2. Share as much data as possible –For example, as the publication previously reported, Aetna
shares its data with its provider partners, believing that the
information helps doctors and hospitals do a better job at a lower cost, FierceHealthPayer previously reported. But insurers
shouldn’t just dump data on providers and expect them to understand it;
instead, they should assist in analyzing and drawing specific
conclusions. On the flip side, providers that are collecting their own data, which
is often richer in patient care history than payers’ claims data,
should share this information with insurers. Then, payers and providers
can both use a more complete set of data to improve quality of care. and
3. Collaborate at the organization, rather than the individual practice level. 
 

Weekend Update

The weekend update is a little late this week because the FEHBlog did not return home from Connecticut until late last night. A good time was had by all.

This is expected to be Congress’s last week in DC before the August recess. Here’s a link to the Week [that was] in Congress.

The Congressional Budget Office just released more information on national heath care spending projections.

In tomorrow’s Federal Register, OPM will publish a proposed rule that extends FEHBP coverage with a government contribution to temporary, seasonal, and intermittent federal employees who work 130 hours a month beginning next year. This change is being driven by the Affordable Care Act’s employer shared responsibility mandate, but in the FEHBlog’s opinion, the FEHBA, 5 U.S.C. § 8913, authorizes OPM to take this action.

OPM projects in the rule’s preamble. that this change will not generate many new enrollees because most of the affected employees already have coverage from other sources. The irony is that the ACA imposes an enormous excise tax on insured FEHB plan carriers and other health insurers and HMOs to mop up the “excess profits” stemming from the ACA’s shared responsbility mandates

And speaking of ACA burdens, the IRS last week posted draft forms (1094c and 1095c) that FEHB plan carriers and all other health plans will use to report to the IRS on whether their members comply with the ACA’s individual shared responsibility mandate. This process involves a tremendous administrative burden of of collecting all covered family member Social Security Numbers which of course the IRS uses as Tax Identification Numbers. Remember folks that this collection effort benefits you, not the carrier.

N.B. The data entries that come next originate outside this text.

lemma psi_adm_of_exp_inverse:
  assumes adm: "r_adm s0 r" and "t0 > 0"
    and \<sigma>: "\<And>t. t0 \<le> t \<Longrightarrow> s0 \<le> \<sigma> t \<and> exp (\<sigma> t - r (\<sigma> t)) = t"
    and \<sigma>_cont: "continuous_on {t0..} \<sigma>" and \<sigma>_mono: "mono_on {t0..} \<sigma>"
  shows "psi_adm t0 (\<lambda>t. exp (- \<sigma> t - r (\<sigma> t)))"
proof -
  have pos: "\<And>s. s0 \<le> s \<Longrightarrow> r s > 0" and r_cont: "continuous_on {s0..} r"
    and anti: "antimono_on {s0..} r" and sr_mono: "mono_on {s0..} (\<lambda>s. s + r s)"
    using adm unfolding r_adm_def by auto
  have tpsi: "t * exp (- \<sigma> t - r (\<sigma> t)) = exp (- 2 * r (\<sigma> t))" if "t0 \<le> t" for t
  proof -
    have "t * exp (- \<sigma> t - r (\<sigma> t)) = exp (\<sigma> t - r (\<sigma> t)) * exp (- \<sigma> t - r (\<sigma> t))"
      using \<sigma>[OF that] by simp
    also have "\<dots> = exp (- 2 * r (\<sigma> t))"
      by (simp flip: exp_add)
    finally show ?thesis .
  qed
  show ?thesis
    unfolding psi_adm_def
  proof (intro conjI allI impI)
    show "t0 > 0" "\<And>t. exp (- \<sigma> t - r (\<sigma> t)) > 0"
      using \<open>t0 > 0\<close> by auto
  next
    have "continuous_on {t0..} (\<lambda>t. r (\<sigma> t))"
      by (rule continuous_on_compose2[OF r_cont \<sigma>_cont]) (use \<sigma> in auto)
    then show "continuous_on {t0..} (\<lambda>t. exp (- \<sigma> t - r (\<sigma> t)))"
      by (auto intro!: continuous_intros \<sigma>_cont)
  next
    show "antimono_on {t0..} (\<lambda>t. exp (- \<sigma> t - r (\<sigma> t)))"
    proof (rule monotone_onI)
      fix t t' assume "t \<in> {t0..}" "t' \<in> {t0..}" "t \<le> t'"
      then have "\<sigma> t + r (\<sigma> t) \<le> \<sigma> t' + r (\<sigma> t')"
        using monotone_onD[OF \<sigma>_mono] monotone_onD[OF sr_mono] \<sigma> by auto
      then show "exp (- \<sigma> t' - r (\<sigma> t')) \<le> exp (- \<sigma> t - r (\<sigma> t))"
        by simp
    qed
  next
    show "mono_on {t0..} (\<lambda>t. t * exp (- \<sigma> t - r (\<sigma> t)))"
    proof (rule monotone_onI)
      fix t t' assume "t \<in> {t0..}" "t' \<in> {t0..}" "t \<le> t'"
      then have "r (\<sigma> t') \<le> r (\<sigma> t)"
        using monotone_onD[OF \<sigma>_mono] monotone_onD[OF anti] \<sigma> by auto
      then show "t * exp (- \<sigma> t - r (\<sigma> t)) \<le> t' * exp (- \<sigma> t' - r (\<sigma> t'))"
        using tpsi \<open>t \<in> {t0..}\<close> \<open>t' \<in> {t0..}\<close> by auto
    qed
  next
    fix t assume "t0 \<le> t"
    then show "t * exp (- \<sigma> t - r (\<sigma> t)) < 1"
      using tpsi pos \<sigma> by auto
  qed
qed
(* Let $H$ be a graph, $\Delta$ a positive integer, and $C$ a removable cycle in $H$ with $\Delta(C,H)\le\Delta$. Let $\varphi$ be a partial proper $\Delta$-coloring of $H$ such that $\varphi(v)=\perp$ for all $v\in V(C)$. Then there exists a partial proper $\Delta$-coloring $\varphi'$ of $H$ such that $\varphi'(u)\ne\perp$ for all $u\in V(C)$ and $\varphi'(u)=\varphi(u)$ for all $u\in V(H)\setminus V(C)$.
   Context: A simple cycle in a graph $H$ is a sequence $(v_1,\dots,v_k)$ of $k>2$ distinct vertices with $\{v_i,v_{i+1}\}\in E(H)$ for $1\le i<k$ and $\{v_k,v_1\}\in E(H)$; $V(C)$ denotes its vertex set. $H[U]$ is the subgraph induced by $U$, and $d(v,H)$ is the degree of $v$ in $H$. For a simple cycle $C$, $\Delta(C,H)=\max_{v\in V(C)} d(v,H)$. A simple cycle $C$ in $H$ is removable if $H[V(C)]$ is neither isomorphic to a complete graph nor to a cycle graph of odd length. A partial proper $k$-coloring of $H$ is a map $\varphi:V(H)\to\{1,\dots,k\}\cup\{\perp\}$ whose restriction to $U=\{v:\varphi(v)\ne\perp\}$ is a proper $k$-coloring of $H[U]$. *)

theory Defs
  imports Main
begin

definition graph :: "'a set \<Rightarrow> ('a \<Rightarrow> 'a \<Rightarrow> bool) \<Rightarrow> bool" where
  "graph V E \<longleftrightarrow> finite V \<and> (\<forall>x y. E x y \<longrightarrow> x \<in> V \<and> y \<in> V)
     \<and> (\<forall>x y. E x y \<longrightarrow> E y x) \<and> (\<forall>x. \<not> E x x)"
lemma active_sum_subgroup_conj_closed:
  assumes K: "subgroup K G" and act: "is_active_sum (G\<lparr>carrier := K\<rparr>) \<F>"
    and F: "F \<in> \<F>" and h: "h \<in> K"
  shows "conj_set G h F \<in> \<F>"
proof -
  have "conj_set (G\<lparr>carrier := K\<rparr>) h F \<in> \<F>"
    using act F h unfolding is_active_sum_def conj_closed_gen_family_def by simp
  then show ?thesis using conj_set_subgroup[OF K h] by simp
qed

lemma active_sum_subgroup_generate:
  assumes K: "subgroup K G" and act: "is_active_sum (G\<lparr>carrier := K\<rparr>) \<F>"
  shows "generate G (\<Union>\<F>) = K"
proof -
  have "\<Union>\<F> \<subseteq> K" using active_sum_subgroup_member[OF K act] by blast
  then show ?thesis
    using act generate_consistent[OF _ K]
    unfolding is_active_sum_def conj_closed_gen_family_def by simp
qed

lemma active_sum_subgroup_rel:
  assumes K: "subgroup K G" and act: "is_active_sum (G\<lparr>carrier := K\<rparr>) \<F>"
    and w: "actsum_word \<F> w" and w': "actsum_word \<F> w'"
    and eq: "actsum_eval G w = actsum_eval G w'"
  shows "actsum_rel G \<F> w w'"
proof (rule actsum_rel_subgroup[OF K])
  show "\<forall>F\<in>\<F>. F \<subseteq> K" using active_sum_subgroup_member[OF K act] by blast
  have "actsum_eval (G\<lparr>carrier := K\<rparr>) w = actsum_eval (G\<lparr>carrier := K\<rparr>) w'"
    using eq unfolding actsum_eval_def by simp
  then show "actsum_rel (G\<lparr>carrier := K\<rparr>) \<F> w w'"
    using act w w' unfolding is_active_sum_def by blast
qed

end

section \<open>Active sums over commuting subgroups of coprime exponents\<close>

locale coprime_commuting_active_sums = group G for G (structure) +
  fixes I :: "'i set" and K :: "'i \<Rightarrow> 'a set" and Fam :: "'i \<Rightarrow> 'a set set" and n :: "'i \<Rightarrow> nat"
  assumes finite_I: "finite I"
    and K_subgroup: "i \<in> I \<Longrightarrow> subgroup (K i) G"
    and K_exponent: "i \<in> I \<Longrightarrow> x \<in> K i \<Longrightarrow> x [^] n i = \<one>"
    and coprime_exponents: "i \<in> I \<Longrightarrow> j \<in> I \<Longrightarrow> i \<noteq> j \<Longrightarrow> coprime (n i) (n j)"
    and K_commute: "i \<in> I \<Longrightarrow> j \<in> I \<Longrightarrow> i \<noteq> j \<Longrightarrow> x \<in> K i \<Longrightarrow> y \<in> K j \<Longrightarrow> x \<otimes> y = y \<otimes> x"
    and K_active_sum: "i \<in> I \<Longrightarrow> is_active_sum (G\<lparr>carrier := K i\<rparr>) (Fam i)"
    and K_generate: "generate G (\<Union>i\<in>I. K i) = carrier G"
begin

definition union_family :: "'a set set" where
  "union_family = (\<Union>i\<in>I. Fam i)"

text \<open>A subgroup may belong to several of the families (the trivial one, say); any consistent
  choice of index works.\<close>

definition index_of :: "'a set \<Rightarrow> 'i" where
  "index_of F = (SOME i. i \<in> I \<and> F \<in> Fam i)"

definition word_over :: "'i set \<Rightarrow> ('a set \<times> 'a) list \<Rightarrow> bool" where
  "word_over J w \<longleftrightarrow> (\<forall>l\<in>set w. fst l \<in> union_family \<and> snd l \<in> fst l \<and> index_of (fst l) \<in> J)"

definition part :: "'i \<Rightarrow> ('a set \<times> 'a) list \<Rightarrow> ('a set \<times> 'a) list" where
  "part i w = filter (\<lambda>l. index_of (fst l) = i) w"

definition rest :: "'i \<Rightarrow> ('a set \<times> 'a) list \<Rightarrow> ('a set \<times> 'a) list" where
  "rest i w = filter (\<lambda>l. index_of (fst l) \<noteq> i) w"

definition exponent_prod :: "'i set \<Rightarrow> nat" where
  "exponent_prod J = (\<Prod>j\<in>J. n j)"

lemma index_of_mem: "F \<in> union_family \<Longrightarrow> index_of F \<in> I \<and> F \<in> Fam (index_of F)"
  unfolding index_of_def union_family_def by (rule someI_ex) blast
text \<open>Gauss's lemma: a square factor over \<open>\<rat>\<close> yields, after rescaling to a primitive
  polynomial, a square factor over \<open>\<int>\<close>.\<close>

lemma sqfree_int_poly_no_square_factor:
  fixes F :: "int poly" and f :: "rat poly"
  assumes sqfree: "sqfree_int_poly F" and deg: "degree f > 0"
  shows "\<not> f ^ 2 dvd rat_poly F"
proof
  assume "f ^ 2 dvd rat_poly F"
  have "f \<noteq> 0" using deg by auto
  then obtain g a where g: "content g = 1" "a \<noteq> 0" "rat_poly g = smult a f"
    by (rule rat_poly_primitive_multiple)
  have "rat_poly (g ^ 2) = smult (a ^ 2) (f ^ 2)"
    by (simp add: map_poly_of_int_power g(3) smult_power)
  with \<open>f ^ 2 dvd rat_poly F\<close> g(2) have "rat_poly (g ^ 2) dvd rat_poly F"
    by (simp add: smult_dvd_iff)
  then obtain h where h: "rat_poly F = rat_poly (g ^ 2) * h" by (elim dvdE)
  obtain d H where dH: "d > 0" "rat_poly H = smult (of_int d) h"
    by (rule rat_poly_clear_denominators)
  have "rat_poly (g ^ 2 * H) = smult (of_int d) (rat_poly (g ^ 2) * h)"
    by (simp only: map_poly_of_int_mult dH mult_smult_right)
  also have "\<dots> = rat_poly (smult d F)"
    by (simp only: h map_poly_of_int_smult)
  finally have e: "g ^ 2 * H = smult d F" by (simp only: map_poly_of_int_eq_iff)
  have "content H = content (g ^ 2 * H)"
    using g(1) by (simp add: content_mult power2_eq_square)
  also have "\<dots> = d * content F"
    using e dH(1) by simp
  finally have "[:d:] dvd H" by (simp add: const_poly_dvd_iff_dvd_content)
  then obtain H' where H': "H = [:d:] * H'" by (elim dvdE)
  have "smult d (g ^ 2 * H') = g ^ 2 * H" by (simp add: H')
  also note e
  finally have "g ^ 2 * H' = F" by (rule smult_cancel[rotated]) (use dH(1) in simp)
  with sqfree have "g = 1 \<or> g = -1" unfolding sqfree_int_poly_def by metis
  then have "degree (rat_poly g) = 0" by auto
  with g deg show False by simp
qed

lemma prime_factor_not_dvd:
  fixes a b :: "'a::factorial_semiring_gcd"
  assumes "a \<noteq> 0" "\<not> a dvd b" "\<And>p. prime p \<Longrightarrow> \<not> p ^ 2 dvd a"
  obtains p where "prime p" "p dvd a" "\<not> p dvd b"
proof -
  obtain h where h: "a = gcd a b * h" using gcd_dvd1 by (blast elim: dvdE)
  have "\<not> is_unit h"
  proof
    assume "is_unit h"
    then have "a dvd gcd a b"
      using dvd_mult_unit_iff[of h a "gcd a b"] by (simp flip: h)
    with assms(2) show False by (meson dvd_trans gcd_dvd2)
  qed
  moreover have "h \<noteq> 0" using h assms(1) by auto
  ultimately obtain p where p: "prime p" "p dvd h" using prime_divisor_exists by blast
  have "p dvd a" using p(2) h by (metis dvd_mult)
  moreover have "\<not> p dvd b"
  proof
    assume "p dvd b"
    with \<open>p dvd a\<close> have "p dvd gcd a b" by simp
    with p(2) have "p ^ 2 dvd a" by (subst h) (simp add: power2_eq_square mult_dvd_mono)
    with assms(3) p(1) show False by blast
  qed
  ultimately show thesis by (rule that[OF p(1)])
qed

lemma not_dvd_pderiv:
  fixes p :: "'a::{idom, semiring_char_0} poly"
  assumes "degree p > 0"
  shows "\<not> p dvd pderiv p"
proof
  assume "p dvd pderiv p"
  moreover have "pderiv p \<noteq> 0" using assms by (simp add: pderiv_eq_0_iff)
  ultimately have "degree p \<le> degree (pderiv p)" by (rule dvd_imp_degree_le)
  with assms show False by (simp add: degree_pderiv)
qed
(* Under the same setting, let $\bm u_0^m,\bm u_1^m\in\mathbb R^d$, $\eta_0^m,\eta_1^m>0$, $\alpha\in[0,1]$, $\lambda_{ij}=\dfrac{\Delta t S_{ij}}{1+\alpha\Delta t(S_{ij}+S_{ji})}$, and assume either $\Delta t S_{01},\Delta t S_{10}\le 1$ or $\alpha=1$. Define $\eta_i^{n+1}$ by $\eta_0^{n+1}=(1-\lambda_{01})\eta_0^m+\lambda_{10}\eta_1^m$, $\eta_1^{n+1}=(1-\lambda_{10})\eta_1^m+\lambda_{01}\eta_0^m$, momenta $\bm F_0^{n+1}=(1-\lambda_{01})\eta_0^m\bm u_0^m+\lambda_{10}\eta_1^m\bm u_1^m$, $\bm F_1^{n+1}=(1-\lambda_{10})\eta_1^m\bm u_1^m+\lambda_{01}\eta_0^m\bm u_0^m$, and $\bm u_i^{n+1}=\bm F_i^{n+1}/\eta_i^{n+1}$ (assuming $\eta_i^{n+1}>0$). Then total momentum is conserved and the total kinetic energy does not increase: $$\sum_{i=0}^1\tfrac12\eta_i^{n+1}|\bm u_i^{n+1}|^2\le\sum_{i=0}^1\tfrac12\eta_i^m|\bm u_i^m|^2.$$ More precisely, the kinetic energy decreases by $\Delta K=\tfrac12\mu\,|\bm u_0^m-\bm u_1^m|^2\ge 0$, where $$\mu=\frac{\eta_0^m\eta_1^m\left[(1-\lambda_{01})\lambda_{01}\eta_0^m+(1-\lambda_{10})\lambda_{10}\eta_1^m\right]}{\left[\lambda_{01}\eta_0^m+(1-\lambda_{10})\eta_1^m\right]\left[\lambda_{10}\eta_1^m+(1-\lambda_{01})\eta_0^m\right]}.$$
   Context: "Method 2" (mass-weighted) momentum transfers for a two-fluid system (fluids 0 and 1), with the same implicitness weight $\alpha$ for mass and momentum transfers. $\eta_i$ is the mass per unit volume of fluid $i$, $\bm u_i$ its velocity, $S_{ij}\ge0$ the mass transfer rate from fluid $i$ to fluid $j$, $\Delta t$ the timestep; superscript $m$ denotes values before the transfer step, $n+1$ after. The kinetic energy of the two-fluid system is $\sum_i \frac12\eta_i|\bm u_i|^2$. *)

theory Defs
  imports "HOL-Analysis.Analysis"
begin

definition transfer_lambda :: "real \<Rightarrow> real \<Rightarrow> real \<Rightarrow> real \<Rightarrow> real" where
  "transfer_lambda \<alpha> dt Sij Sji = dt * Sij / (1 + \<alpha> * dt * (Sij + Sji))"

end

theory Submission
  imports Defs
begin

text \<open>Each fluid's new velocity is the mass-weighted average of two parcels: the retained
  mass \<open>(1 - \<lambda>\<^sub>i\<^sub>j) \<eta>\<^sub>i\<close> moving with \<open>u\<^sub>i\<close> and the received mass \<open>\<lambda>\<^sub>j\<^sub>i \<eta>\<^sub>j\<close> moving with \<open>u\<^sub>j\<close>.
  Merging masses \<open>m, n\<close> with velocities \<open>v, w\<close> conserves momentum and destroys kinetic
  energy \<open>m n / (2 (m + n)) |v - w|\<^sup>2\<close>. Writing \<open>a, b\<close> and \<open>c, d\<close> for the parcel masses of
  fluids 0 and 1, the paper's \<open>\<mu>\<close> is \<open>a b / (a + b) + c d / (c + d)\<close>, and the bounds
  \<open>0 \<le> \<lambda>\<^sub>i\<^sub>j \<le> 1\<close> (this is where the time-step condition enters) make all four masses
  nonnegative.\<close>

lemma transfer_lambda_bounds:
  assumes "0 \<le> \<alpha>" "0 \<le> dt" "0 \<le> Sij" "0 \<le> Sji" "dt * Sij \<le> 1 \<or> \<alpha> = 1"
  shows "0 \<le> transfer_lambda \<alpha> dt Sij Sji" "transfer_lambda \<alpha> dt Sij Sji \<le> 1"
proof -
  have den: "1 \<le> 1 + \<alpha> * dt * (Sij + Sji)"
    using assms by simp
  have "dt * Sij \<le> 1 + \<alpha> * dt * (Sij + Sji)"
    using assms(5)
  proof
    assume "dt * Sij \<le> 1"
    then show ?thesis using den by linarith
  next
    assume "\<alpha> = 1"
    then show ?thesis using assms by (simp add: distrib_left)
  qed
  moreover have "0 \<le> dt * Sij"
    using assms by simp
  ultimately show "0 \<le> transfer_lambda \<alpha> dt Sij Sji" "transfer_lambda \<alpha> dt Sij Sji \<le> 1"
    using den unfolding transfer_lambda_def by simp_all
qed

lemma merge_energy_loss:
  fixes v w :: "'a::real_inner" and m n :: real
  assumes "m + n \<noteq> 0"
  shows "m * (norm v)\<^sup>2 + n * (norm w)\<^sup>2
           - (m + n) * (norm ((1 / (m + n)) *\<^sub>R (m *\<^sub>R v + n *\<^sub>R w)))\<^sup>2
         = m * n / (m + n) * (norm (v - w))\<^sup>2"
proof -
  have "(norm (m *\<^sub>R v + n *\<^sub>R w))\<^sup>2 = m\<^sup>2 * (v \<bullet> v) + 2 * m * n * (v \<bullet> w) + n\<^sup>2 * (w \<bullet> w)"
    unfolding power2_norm_eq_inner
    by (simp add: inner_add inner_commute power2_eq_square algebra_simps)
  then have "(m + n) * (norm ((1 / (m + n)) *\<^sub>R (m *\<^sub>R v + n *\<^sub>R w)))\<^sup>2
        = (m\<^sup>2 * (v \<bullet> v) + 2 * m * n * (v \<bullet> w) + n\<^sup>2 * (w \<bullet> w)) / (m + n)"
    using assms by (simp add: power_mult_distrib power_divide power2_eq_square)
  moreover have "(norm (v - w))\<^sup>2 = v \<bullet> v - 2 * (v \<bullet> w) + w \<bullet> w"
    unfolding power2_norm_eq_inner by (simp add: inner_diff inner_commute)
  ultimately show ?thesis
    using assms unfolding power2_norm_eq_inner
    by (simp add: divide_simps) (simp add: power2_eq_square algebra_simps)
qed

theorem mainTheorem5:
  fixes u0 u1 :: "'a :: euclidean_space"
    and \<eta>0 \<eta>1 \<alpha> dt S01 S10 :: real
  assumes h\<eta>0: "\<eta>0 > 0" and h\<eta>1: "\<eta>1 > 0"
    and h\<alpha>: "0 \<le> \<alpha>" "\<alpha> \<le> 1"
    and hdt: "dt > 0"
    and hS: "S01 \<ge> 0" "S10 \<ge> 0"
    and hcfl: "(dt * S01 \<le> 1 \<and> dt * S10 \<le> 1) \<or> \<alpha> = 1"
  defines "lam01 \<equiv> transfer_lambda \<alpha> dt S01 S10"
    and "lam10 \<equiv> transfer_lambda \<alpha> dt S10 S01"
  defines "\<eta>0n \<equiv> (1 - lam01) * \<eta>0 + lam10 * \<eta>1"
    and "\<eta>1n \<equiv> (1 - lam10) * \<eta>1 + lam01 * \<eta>0"
  defines "F0n \<equiv> ((1 - lam01) * \<eta>0) *\<^sub>R u0 + (lam10 * \<eta>1) *\<^sub>R u1"
    and "F1n \<equiv> ((1 - lam10) * \<eta>1) *\<^sub>R u1 + (lam01 * \<eta>0) *\<^sub>R u0"
  defines "u0n \<equiv> (1 / \<eta>0n) *\<^sub>R F0n"
    and "u1n \<equiv> (1 / \<eta>1n) *\<^sub>R F1n"
  defines "\<mu> \<equiv> \<eta>0 * \<eta>1 * ((1 - lam01) * lam01 * \<eta>0 + (1 - lam10) * lam10 * \<eta>1)
               / ((lam01 * \<eta>0 + (1 - lam10) * \<eta>1) * (lam10 * \<eta>1 + (1 - lam01) * \<eta>0))"
  defines "Kold \<equiv> (1/2) * \<eta>0 * (norm u0)\<^sup>2 + (1/2) * \<eta>1 * (norm u1)\<^sup>2"
    and "Knew \<equiv> (1/2) * \<eta>0n * (norm u0n)\<^sup>2 + (1/2) * \<eta>1n * (norm u1n)\<^sup>2"
  assumes hpos: "\<eta>0n > 0" "\<eta>1n > 0"
  shows "\<eta>0n *\<^sub>R u0n + \<eta>1n *\<^sub>R u1n = \<eta>0 *\<^sub>R u0 + \<eta>1 *\<^sub>R u1
         \<and> Knew \<le> Kold
         \<and> Kold - Knew = (1/2) * \<mu> * (norm (u0 - u1))\<^sup>2
         \<and> (1/2) * \<mu> * (norm (u0 - u1))\<^sup>2 \<ge> 0"
proof -
  have lam01: "0 \<le> lam01" "lam01 \<le> 1" and lam10: "0 \<le> lam10" "lam10 \<le> 1"
    using transfer_lambda_bounds[of \<alpha> dt] h\<alpha> hdt hS hcfl
    unfolding lam01_def lam10_def by auto
  define a b c d where "a = (1 - lam01) * \<eta>0" and "b = lam10 * \<eta>1"
    and "c = (1 - lam10) * \<eta>1" and "d = lam01 * \<eta>0"
  have abcd: "0 \<le> a" "0 \<le> b" "0 \<le> c" "0 \<le> d"
    using lam01 lam10 h\<eta>0 h\<eta>1 unfolding a_def b_def c_def d_def by simp_all
  have ab: "\<eta>0n = a + b" and cd: "\<eta>1n = c + d"
    unfolding \<eta>0n_def \<eta>1n_def a_def b_def c_def d_def by simp_all
  have mom: "\<eta>0n *\<^sub>R u0n + \<eta>1n *\<^sub>R u1n = \<eta>0 *\<^sub>R u0 + \<eta>1 *\<^sub>R u1"
    using hpos unfolding u0n_def u1n_def F0n_def F1n_def by (simp add: algebra_simps)
  have u0n: "u0n = (1 / (a + b)) *\<^sub>R (a *\<^sub>R u0 + b *\<^sub>R u1)"
    and u1n: "u1n = (1 / (c + d)) *\<^sub>R (c *\<^sub>R u1 + d *\<^sub>R u0)"
    unfolding u0n_def u1n_def F0n_def F1n_def ab cd a_def b_def c_def d_def by simp_all
  have mu: "\<mu> = a * b / (a + b) + c * d / (c + d)"
    using hpos unfolding \<mu>_def ab cd a_def b_def c_def d_def by (simp add: field_simps)
  have "\<eta>0 = a + d" "\<eta>1 = b + c"
    unfolding a_def b_def c_def d_def by (simp_all add: algebra_simps)
  then have "Kold - Knew
      = (1/2) * (a * (norm u0)\<^sup>2 + b * (norm u1)\<^sup>2 - (a + b) * (norm u0n)\<^sup>2)
      + (1/2) * (c * (norm u1)\<^sup>2 + d * (norm u0)\<^sup>2 - (c + d) * (norm u1n)\<^sup>2)"
    unfolding Kold_def Knew_def ab cd by (simp add: field_simps)
  also have "\<dots> = (1/2) * \<mu> * (norm (u0 - u1))\<^sup>2"
    using merge_energy_loss[of a b u0 u1] merge_energy_loss[of c d u1 u0] hpos
    unfolding u0n u1n ab cd mu by (simp add: norm_minus_commute algebra_simps)
  finally have loss: "Kold - Knew = (1/2) * \<mu> * (norm (u0 - u1))\<^sup>2" .
  have "0 \<le> \<mu>"
    unfolding mu using abcd by simp
  then have loss_nonneg: "0 \<le> (1/2) * \<mu> * (norm (u0 - u1))\<^sup>2"
    by simp
  with loss have "Knew \<le> Kold"
    by linarith
  with mom loss loss_nonneg show ?thesis
    by blast
qed

end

By the way, also last week the IRS announced the cap on the 2014 tax on individuals who don’t have minimum essential coverage —

For 2014, the annual payment amount is:
The greater of:
1 percent of your household income that is above the tax return filing threshold for your filing status, or
Your family’s flat dollar amount, which is $95 per adult and $47.50 per child, limited to a family maximum of $285,
But capped at the cost of the national average premium for a bronze level health plan available through the Marketplace in 2014. For 2014, the annual national average premium for a bronze level health plan available through the Marketplace is $2,448 per individual ($204 per month per individual), but $12,240 for a family with five or more members ($1,020 per month for a family with five or more members).  See Rev. Proc. 2014-46.

P.S. The IRS delayed the required distribution of these forms until January 2016 for the 2015 tax year.